YOUR GOAL
Whenever a line in the entries includes the word "proof", copy that line out.

INPUT DATA
locale pool_partition =
  fixes K :: nat and I :: "nat \<Rightarrow> nat set" and L :: nat
  assumes pools_disjoint: "\<And>k k'. k \<in> {1..K} \<Longrightarrow> k' \<in> {1..K} \<Longrightarrow> k \<noteq> k' \<Longrightarrow> I k \<inter> I k' = {}"
    and finite_pool: "\<And>k. k \<in> {1..K} \<Longrightarrow> finite (I k)"
    and card_pool: "\<And>k. k \<in> {1..K} \<Longrightarrow> card (I k) = L"
begin

lemma Pinf_eq_abs_inner:
  assumes "k \<in> {1..K}" "x \<in> cone_s f I K s" "s k \<in> I k"
  shows "Pinf f I x k = \<bar>x \<bullet> f (s k)\<bar>"
  unfolding Pinf_def using assms finite_pool by (intro Max_eqI) (auto simp: cone_s_def)

lemma lambda_minus_pools_sq_mult_norm_le:
  assumes \<Omega>: "\<Omega> \<subseteq> {1..K}" and x: "x \<in> cone_s f I K s"
  shows "(lambda_minus f (\<Union>k\<in>\<Omega>. I k))^2 * (norm x)^2 \<le> real L * (\<Sum>k\<in>\<Omega>. (x \<bullet> f (s k))^2)"
proof -
  have "(lambda_minus f (\<Union>k\<in>\<Omega>. I k))^2 * (norm x)^2 \<le> (\<Sum>j\<in>(\<Union>k\<in>\<Omega>. I k). (x \<bullet> f j)^2)"
    by (rule lambda_minus_sq_mult_norm_le)
  also have "\<dots> = (\<Sum>k\<in>\<Omega>. \<Sum>j\<in>I k. (x \<bullet> f j)^2)"
  proof (rule sum.UNION_disjoint)
    show "finite \<Omega>" using \<Omega> finite_subset by blast
    show "\<forall>k\<in>\<Omega>. finite (I k)" using \<Omega> finite_pool by blast
    show "\<forall>k\<in>\<Omega>. \<forall>k'\<in>\<Omega>. k \<noteq> k' \<longrightarrow> I k \<inter> I k' = {}"
      using \<Omega> pools_disjoint by (meson subsetD)
  qed
  also have "\<dots> \<le> (\<Sum>k\<in>\<Omega>. real L * (x \<bullet> f (s k))^2)"
  proof (rule sum_mono)
    fix k assume "k \<in> \<Omega>"
    then have k: "k \<in> {1..K}" using \<Omega> by auto
    have "(\<Sum>j\<in>I k. (x \<bullet> f j)^2) \<le> of_nat (card (I k)) * (x \<bullet> f (s k))^2"
      using x k by (intro sum_bounded_above) (auto simp: cone_s_def abs_le_square_iff)
    then show "(\<Sum>j\<in>I k. (x \<bullet> f j)^2) \<le> real L * (x \<bullet> f (s k))^2" using card_pool k by simp
  qed
  finally show ?thesis by (simp add: sum_distrib_left)
qed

ANSWER TO THE EXERCISE
proof -
  proof (rule sum.UNION_disjoint)
  proof (rule sum_mono)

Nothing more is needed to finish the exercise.